He didn’t want commitment so I dropped him

I’m making this post because I finally dropped the guy I’ve been talking to for 6 months.

Backstory: I (F21) met this guy (M25) on tinder back in July and we went on a couple dates in person, and then we became “long distance” for 4 months because of school. We constantly texted every single day. When I got back from school we went on more dates and I slept with him a few times. Everything was great, however I began to wonder what we were and if he was going to ask me to be his gf. We never spoke about our intentions when we first started talking (I never thought we’d talk for this long) so I decided I needed to bring up the “talk” after the new year since at this point we had been talking for 5 months. When we had the talk I found out he didn’t want a relationship because he’s not really about commitment and to my surprise he’s never been in a relationship before. I told him I wanted to get into a relationship but then I decided I was fine with being fwb. Everything was okay, but after two weeks of being fwb I realized it wasn’t making me happy anymore. I kept wondering if he was fucking other girls or if he was talking to anyone else, which made me realize being fwb was only draining my happiness, and the sex wasn’t even good enough to stay fwb.

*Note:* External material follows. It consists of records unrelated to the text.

lemma lattice_edges_meet_at_vertex:
  assumes "{a, lattice_step a h} \<noteq> {c, lattice_step c h'}" "on_lattice_edge a h x y" "on_lattice_edge c h' x y"
  shows "\<exists>p\<in>{a,lattice_step a h}\<inter>{c,lattice_step c h'}. x = of_int (fst p) \<and> y = of_int (snd p)"
proof -
  obtain a1 a2 c1 c2 where A: "a = (a1,a2)" "c = (c1,c2)" by fastforce
  show ?thesis
  proof (cases h; cases h')
    assume h: h h'
    with assms have "y = of_int a2" "y = of_int c2" "of_int a1 \<le> x" "x \<le> of_int a1 + 1"
      "of_int c1 \<le> x" "x \<le> of_int c1 + 1" "a1 \<noteq> c1 \<or> a2 \<noteq> c2"
        by (auto simp: on_lattice_edge_def lattice_step_def A)
    moreover then have "a2 = c2" by simp
    ultimately show ?thesis using int_unit_interval_cases[of a1 x c1] h
      by (auto simp: lattice_step_def A)
  next
    assume h: "\<not>h" "\<not>h'"
    with assms have "x = of_int a1" "x = of_int c1" "of_int a2 \<le> y" "y \<le> of_int a2 + 1"
      "of_int c2 \<le> y" "y \<le> of_int c2 + 1" "a1 \<noteq> c1 \<or> a2 \<noteq> c2"
        by (auto simp: on_lattice_edge_def lattice_step_def A)
    moreover then have "a1 = c1" by simp
    ultimately show ?thesis using int_unit_interval_cases[of a2 y c2] h
      by (auto simp: lattice_step_def A)
  next
    assume h: "h" "\<not>h'"
    with assms have "y = of_int a2" "x = of_int c1" "of_int a1 \<le> x" "x \<le> of_int a1 + 1"
      "of_int c2 \<le> y" "y \<le> of_int c2 + 1" by (auto simp: on_lattice_edge_def lattice_step_def A)
    then show ?thesis using int_in_unit_interval[of a1 x c1] int_in_unit_interval[of c2 y a2] h
      by (auto simp: lattice_step_def A)
  next
    assume h: "\<not>h" "h'"
    with assms have "x = of_int a1" "y = of_int c2" "of_int a2 \<le> y" "y \<le> of_int a2 + 1"
      "of_int c1 \<le> x" "x \<le> of_int c1 + 1" by (auto simp: on_lattice_edge_def lattice_step_def A)
    then show ?thesis using int_in_unit_interval[of a2 y c2] int_in_unit_interval[of c1 x a1] h
      by (auto simp: lattice_step_def A)
  qed
qed

definition complex_of_vtx :: "vtx \<Rightarrow> complex" where
  "complex_of_vtx p = Complex (of_int (fst p)) (of_int (snd p))"

lemma complex_of_vtx_eq_iff: "complex_of_vtx p = complex_of_vtx q \<longleftrightarrow> p = q"
  by (cases p; cases q) (auto simp: complex_of_vtx_def complex_eq_iff)

lemma abs_coord_le_dist:
  "\<bar>of_int (fst p) - Re z\<bar> \<le> dist (complex_of_vtx p) z"
  "\<bar>of_int (snd p) - Im z\<bar> \<le> dist (complex_of_vtx p) z"
  using abs_Re_le_cmod[of "complex_of_vtx p - z"] abs_Im_le_cmod[of "complex_of_vtx p - z"]
  by (auto simp: dist_norm complex_of_vtx_def)

lemma nn_adj_lattice_stepE:
  assumes "nn_adj a b" obtains s h where "{a,b} = {s, lattice_step s h}"
proof -
  obtain a1 a2 b1 b2 where A: "a = (a1,a2)" "b = (b1,b2)" by fastforce
  have "b = (a1+1,a2) \<or> b = (a1 - 1, a2) \<or> b = (a1, a2+1) \<or> b = (a1,a2 - 1)"
    using assms unfolding nn_adj_iff A by auto
  then show ?thesis
  proof (elim disjE)
    assume "b = (a1+1,a2)" thus ?thesis using that[of a True] by (auto simp: A lattice_step_def)
  next
    assume "b = (a1 - 1,a2)" thus ?thesis using that[of b True] by (auto simp: A lattice_step_def)
  next
    assume "b = (a1,a2+1)" thus ?thesis using that[of a False] by (auto simp: A lattice_step_def)
  next
    assume "b = (a1,a2 - 1)" thus ?thesis using that[of b False] by (auto simp: A lattice_step_def)
  qed
qed

lemma segment_on_lattice_edge:
  assumes "z \<in> closed_segment (complex_of_vtx s) (complex_of_vtx (lattice_step s h))"
  shows "on_lattice_edge s h (Re z) (Im z)"
proof -
  obtain u where u: "0 \<le> u" "u \<le> 1" "z = (1 - u) *\<^sub>R complex_of_vtx s + u *\<^sub>R complex_of_vtx (lattice_step s h)"
    using assms unfolding in_segment by auto
  have R: "Re z = (1 - u) * of_int (fst s) + u * of_int (fst (lattice_step s h))"
    and I: "Im z = (1 - u) * of_int (snd s) + u * of_int (snd (lattice_step s h))"
    using u(3) by (simp_all add: complex_of_vtx_def)
  show ?thesis
  proof (cases h)
    case True
    have "Re z = of_int (fst s) + u" "Im z = of_int (snd s)" using R I True
      by (simp_all add: lattice_step_def left_diff_distrib distrib_left)
    then show ?thesis using u(1,2) True by (simp add: on_lattice_edge_def)
  next
    case False
    have "Im z = of_int (snd s) + u" "Re z = of_int (fst s)" using R I False
      by (simp_all add: lattice_step_def left_diff_distrib distrib_left)
    then show ?thesis using u(1,2) False by (simp add: on_lattice_edge_def)
  qed
qed

lemma segment_lattice_step:
  assumes "{a,b} = {s, lattice_step s h}"
  shows "closed_segment (complex_of_vtx a) (complex_of_vtx b) =
    closed_segment (complex_of_vtx s) (complex_of_vtx (lattice_step s h))"
  using assms by (auto simp: doubleton_eq_iff closed_segment_commute)

lemma lattice_segments_meet_at_vertex:
  assumes "nn_adj a b" "nn_adj c d" "{a,b} \<noteq> {c,d}"
    "z \<in> closed_segment (complex_of_vtx a) (complex_of_vtx b)" "z \<in> closed_segment (complex_of_vtx c) (complex_of_vtx d)"
  shows "\<exists>p\<in>{a,b}\<inter>{c,d}. z = complex_of_vtx p"
proof -
  obtain s h where 1: "{a,b} = {s, lattice_step s h}" using nn_adj_lattice_stepE[OF assms(1)] .
  obtain t h' where 2: "{c,d} = {t, lattice_step t h'}" using nn_adj_lattice_stepE[OF assms(2)] .
  have "on_lattice_edge s h (Re z) (Im z)" "on_lattice_edge t h' (Re z) (Im z)"
    using segment_on_lattice_edge assms(4,5) segment_lattice_step[OF 1] segment_lattice_step[OF 2]
      by auto
  from lattice_edges_meet_at_vertex[OF _ this] assms(3) 1 2 obtain p where
    "p\<in>{a,b}\<inter>{c,d}" "Re z = of_int (fst p)" "Im z = of_int (snd p)" by auto
  thus ?thesis by (auto simp: complex_of_vtx_def complex_eq_iff)
qed

lemma dist_vertex_lattice_segment:
  assumes "nn_adj a b" "p \<notin> {a,b}" "z \<in> closed_segment (complex_of_vtx a) (complex_of_vtx b)"
  shows "1 \<le> dist (complex_of_vtx p) z"
proof -
  obtain s h where 1: "{a,b} = {s, lattice_step s h}" using nn_adj_lattice_stepE[OF assms(1)] .
  have "z \<in> closed_segment (complex_of_vtx s) (complex_of_vtx (lattice_step s h))"
    using assms(3) segment_lattice_step[OF 1] by simp
  from segment_on_lattice_edge[OF this] have H: "on_lattice_edge s h (Re z) (Im z)" .
  have p: "p \<noteq> s" "p \<noteq> lattice_step s h" using assms(2) 1 by auto
  note d = abs_coord_le_dist[of p z]
  show ?thesis
  proof (cases h)
    case True
    with H have h: "Im z = of_int (snd s)" "of_int (fst s) \<le> Re z" "Re z \<le> of_int (fst s) + 1"
      by (auto simp: on_lattice_edge_def)
    show ?thesis
    proof (cases "snd p = snd s")
      case True
      with p \<open>h\<close> have "fst p \<noteq> fst s" "fst p \<noteq> fst s + 1"
        by (auto simp: lattice_step_def prod_eq_iff)
      then show ?thesis using one_le_abs_of_int_minus[OF h(2,3)] d(1) by fastforce
    next
      case False
      then show ?thesis using one_le_abs_of_int_diff[OF False] h(1) d(2) by simp
    qed
  next
    case False
    with H have h: "Re z = of_int (fst s)" "of_int (snd s) \<le> Im z" "Im z \<le> of_int (snd s) + 1"
      by (auto simp: on_lattice_edge_def)
    show ?thesis
    proof (cases "fst p = fst s")
      case True
      with p \<open>\<not> h\<close> have "snd p \<noteq> snd s" "snd p \<noteq> snd s + 1"
        by (auto simp: lattice_step_def prod_eq_iff)
      then show ?thesis using one_le_abs_of_int_minus[OF h(2,3)] d(2) by fastforce
    next
      case False
      then show ?thesis using one_le_abs_of_int_diff[OF False] h(1) d(1) by simp
    qed
  qed
qed

lemma vertex_on_lattice_segment:
  assumes "nn_adj a b" "complex_of_vtx p \<in> closed_segment (complex_of_vtx a) (complex_of_vtx b)"
  shows "p \<in> {a,b}"
  using dist_vertex_lattice_segment[OF assms(1) _ assms(2)] by fastforce

lemma dist_distinct_vertices:
  assumes "p \<noteq> m" shows "1 \<le> dist (complex_of_vtx m) (complex_of_vtx p)"
proof -
  have "fst p \<noteq> fst m \<or> snd p \<noteq> snd m" using assms by (auto simp: prod_eq_iff)
  then show ?thesis
    using one_le_abs_of_int_diff abs_coord_le_dist[of p "complex_of_vtx m"]
    by (auto simp: complex_of_vtx_def dist_commute intro: order.trans)
qed

section \<open>Lattice polylines and polygons\<close>

fun polyline :: "vtx list \<Rightarrow> real \<Rightarrow> complex" where
  "polyline [] = linepath 0 0"
| "polyline [p] = linepath (complex_of_vtx p) (complex_of_vtx p)"
| "polyline [p,q] = linepath (complex_of_vtx p) (complex_of_vtx q)"
| "polyline (p#q#r#rest) = linepath (complex_of_vtx p) (complex_of_vtx q) +++ polyline (q#r#rest)"

definition list_edges :: "vtx list \<Rightarrow> vtx set set" where
  "list_edges xs = (\<lambda>(a,b). {a,b}) ` set (zip xs (tl xs))"

lemma polyline_path:
  "xs \<noteq> [] \<Longrightarrow> path (polyline xs) \<and> pathstart (polyline xs) = complex_of_vtx (hd xs) \<and>
    pathfinish (polyline xs) = complex_of_vtx (last xs)"
  by (induction xs rule: polyline.induct) auto

lemma path_image_polyline:
  "xs \<noteq> [] \<Longrightarrow> path_image (polyline xs) =
    complex_of_vtx ` set xs \<union> (\<Union>(a,b)\<in>set (zip xs (tl xs)). closed_segment (complex_of_vtx a) (complex_of_vtx b))"
proof (induction xs rule: polyline.induct)
  case (4 p q r rest)
  have "path_image (polyline (p#q#r#rest)) =
      closed_segment (complex_of_vtx p) (complex_of_vtx q) \<union> path_image (polyline (q#r#rest))"
    using polyline_path[of "q#r#rest"] by (simp add: path_image_join)
  also have "\<dots> = complex_of_vtx ` set (p#q#r#rest) \<union>
      (\<Union>(a,b)\<in>set (zip (p#q#r#rest) (tl (p#q#r#rest))). closed_segment (complex_of_vtx a) (complex_of_vtx b))"
    using "4.IH" by auto
  finally show ?case .
qed auto

lemma successively_zip_tl:
  "(a,b) \<in> set (zip xs (tl xs)) \<Longrightarrow> successively R xs \<Longrightarrow> R a b \<and> a \<in> set xs \<and> b \<in> set xs"
proof (induction xs rule: induct_list012)
  case (3 x y zs)
  then show ?case by auto
qed auto

lemma zip_tl_mem: "(a,b) \<in> set (zip xs (tl xs)) \<Longrightarrow> a \<in> set xs \<and> b \<in> set xs"
  by (metis list.set_sel(2) set_zip_leftD set_zip_rightD tl_Nil zip_Nil)

lemma list_edges_subset: "E \<in> list_edges xs \<Longrightarrow> E \<subseteq> set xs"
  unfolding list_edges_def using zip_tl_mem by fastforce

lemma path_image_polylineE:
  assumes "xs \<noteq> []" "z \<in> path_image (polyline xs)"
  obtains p where "p \<in> set xs" "z = complex_of_vtx p"
  | a b where "(a,b) \<in> set (zip xs (tl xs))" "z \<in> closed_segment (complex_of_vtx a) (complex_of_vtx b)"
  using assms path_image_polyline by auto

lemma polyline_inter_subset:
  assumes "successively nn_adj xs" "successively nn_adj ys" "xs \<noteq> []" "ys \<noteq> []"
    "list_edges xs \<inter> list_edges ys = {}"
  shows "path_image (polyline xs) \<inter> path_image (polyline ys) \<subseteq> complex_of_vtx ` (set xs \<inter> set ys)"
proof
  have vertex_on_edge: "complex_of_vtx p \<in> complex_of_vtx ` (set P \<inter> set Q)"
    if "p \<in> set P" "successively nn_adj Q" "(c, d) \<in> set (zip Q (tl Q))"
      "complex_of_vtx p \<in> closed_segment (complex_of_vtx c) (complex_of_vtx d)" for p c d P Q
  proof -
    have "nn_adj c d" "c \<in> set Q" "d \<in> set Q" using successively_zip_tl[OF that(3,2)] by auto
    then have "p \<in> set Q" using vertex_on_lattice_segment that(4) by blast
    then show ?thesis using that(1) by blast
  qed
  fix z assume z: "z \<in> path_image (polyline xs) \<inter> path_image (polyline ys)"
  show "z \<in> complex_of_vtx ` (set xs \<inter> set ys)"
  proof (rule path_image_polylineE[OF assms(3), of z]; rule path_image_polylineE[OF assms(4), of z])
    fix p q assume "p \<in> set xs" "z = complex_of_vtx p" "q \<in> set ys" "z = complex_of_vtx q"
    then show ?thesis by (auto simp: complex_of_vtx_eq_iff)
  next
    fix p c d assume "p \<in> set xs" "z = complex_of_vtx p" "(c, d) \<in> set (zip ys (tl ys))"
      "z \<in> closed_segment (complex_of_vtx c) (complex_of_vtx d)"
    then show ?thesis using vertex_on_edge[of p xs ys] assms(2) by simp
  next
    fix a b q assume "q \<in> set ys" "z = complex_of_vtx q" "(a, b) \<in> set (zip xs (tl xs))"
      "z \<in> closed_segment (complex_of_vtx a) (complex_of_vtx b)"
    then show ?thesis using vertex_on_edge[of q ys xs] assms(1) by (simp add: Int_commute)
  next
    fix a b c d assume ab: "(a, b) \<in> set (zip xs (tl xs))" "z \<in> closed_segment (complex_of_vtx a) (complex_of_vtx b)"
      and cd: "(c, d) \<in> set (zip ys (tl ys))" "z \<in> closed_segment (complex_of_vtx c) (complex_of_vtx d)"
    have "{a, b} \<in> list_edges xs" "{c, d} \<in> list_edges ys"
      using ab cd unfolding list_edges_def by force+
    then have ne: "{a, b} \<noteq> {c, d}" using assms(5) by auto
    have "nn_adj a b" "a \<in> set xs" "b \<in> set xs" using successively_zip_tl[OF ab(1) assms(1)] by auto
    moreover have "nn_adj c d" "c \<in> set ys" "d \<in> set ys"
      using successively_zip_tl[OF cd(1) assms(2)] by auto
    ultimately obtain p where "p \<in> {a, b} \<inter> {c, d}" "z = complex_of_vtx p"
      using lattice_segments_meet_at_vertex[OF _ _ ne ab(2) cd(2)] by auto
    then show ?thesis using \<open>a \<in> set xs\<close> \<open>b \<in> set xs\<close> \<open>c \<in> set ys\<close> \<open>d \<in> set ys\<close> by auto
  qed (use z in auto)
qed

Slowly I began trying to distance myself and I finally decided to drop him after our latest hangout. During our hangout it clicked that although he became a friend, in the end he just wanted me for sex. I realized it was best for me to get myself out of this situation for the sake of my own happiness. I texted him that I wanted to end what we had going on, and he said It was fine and I should do what is best for me.

I wish I didn’t feel sad right now. It’s unfortunate I’ll no longer talk to him every day. He’s a great guy, but he couldn’t offer the commitment I wanted. I wonder if he cares at all, if he’s sad, or if he’s going to miss me and regret not wanting to commit, etc. However I try to remember that he didn’t like me enough to commit, so its best to stop wasting my time and energy on him.

I’m proud of myself for finally being able to let go.